Chalmers is playin good and lookin better after a couple early TOs.


----------



## Rather Unique (Aug 26, 2005)

0-9 for MB


----------



## Wade2Bosh (Mar 31, 2004)

From Ethan Skolnick's blog



> Beasley is wearing a much larger protective device.


Damn, Nick Anderson is back.


----------



## Rather Unique (Aug 26, 2005)

wow 5 fouls and 5 T/Os as well for Beasely, he is having a ****** game so far.


----------



## KingOfTheHeatians (Jul 22, 2005)

The announcers tried to end the Nick Anderson segment at halftime, but he will not leave.


----------



## IbizaXL (Sep 21, 2005)

Beas with 5 fouls, 5 TO's, hes 0-9. ugh

S.Williams is all over Beasleys grill.


----------



## Wade2Bosh (Mar 31, 2004)

Beasley now 0-10.

Chalmers again with the layup.


----------



## Omega (Apr 11, 2005)

beasley as 5 fouls and 5 tos covering Sean freakin Williams... and they are saying his attitude is straight up horrible. may end up causing problems.


----------



## Rather Unique (Aug 26, 2005)

Brook Lopez 10 points. and two straight baskets.


----------



## Rather Unique (Aug 26, 2005)

E.Ville Von Love said:


> beasley as 5 fouls and 5 tos covering Sean freakin Williams... and *they are saying his attitude is straight up horrible. may end up causing problems*.

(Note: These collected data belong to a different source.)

theorem proposition6:
  fixes n p :: nat and sq :: "(nat \<times> nat) list" and R :: "nat \<Rightarrow> nat list rel" and j :: nat
  assumes "valid_order n p sq"
    and "\<forall>a<n. linear_order_on (bundles n p) (R a)"
    and "j < n"
  shows "rank n p R j (bundle_of sq p (spne_outcome n p sq R) j)
           \<le> n ^ p + 1 - (\<Prod>i<p. kval n sq j i)"
proof -
  define X where "X = worse_bundles n p sq (R j) j [] (bundle_of sq p (spne_outcome n p sq R) j)"
  have "pending sq p j 0 = {..<p}" by (auto simp: pending_def)
  then have "(\<Prod>i<p. kval n sq j i) \<le> card X"
    using card_worse_bundles_spe[OF assms, of "[]" "length sq"]
    unfolding X_def spne_outcome_def by simp
  moreover have "antisym (R j)" using assms(2,3) linear_order_onD(3) by blast
  moreover have "X \<subseteq> bundles n p" "\<forall>b\<in>X. (bundle_of sq p (spne_outcome n p sq R) j, b) \<in> R j"
    unfolding X_def worse_bundles_def by auto
  ultimately show ?thesis
    using card_above_plus_card_below_le[of "R j" "bundles n p" X] finite_bundles
    unfolding rank_def card_bundles by fastforce
qed

end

same dudes that was suckin down his **** yesterday. talking bout how he was gonna take over the league...no biggie to me.


----------



## KingOfTheHeatians (Jul 22, 2005)

E.Ville Von Love said:


> beasley as 5 fouls and 5 tos covering Sean freakin Williams... and they are saying his attitude is straight up horrible. may end up causing problems.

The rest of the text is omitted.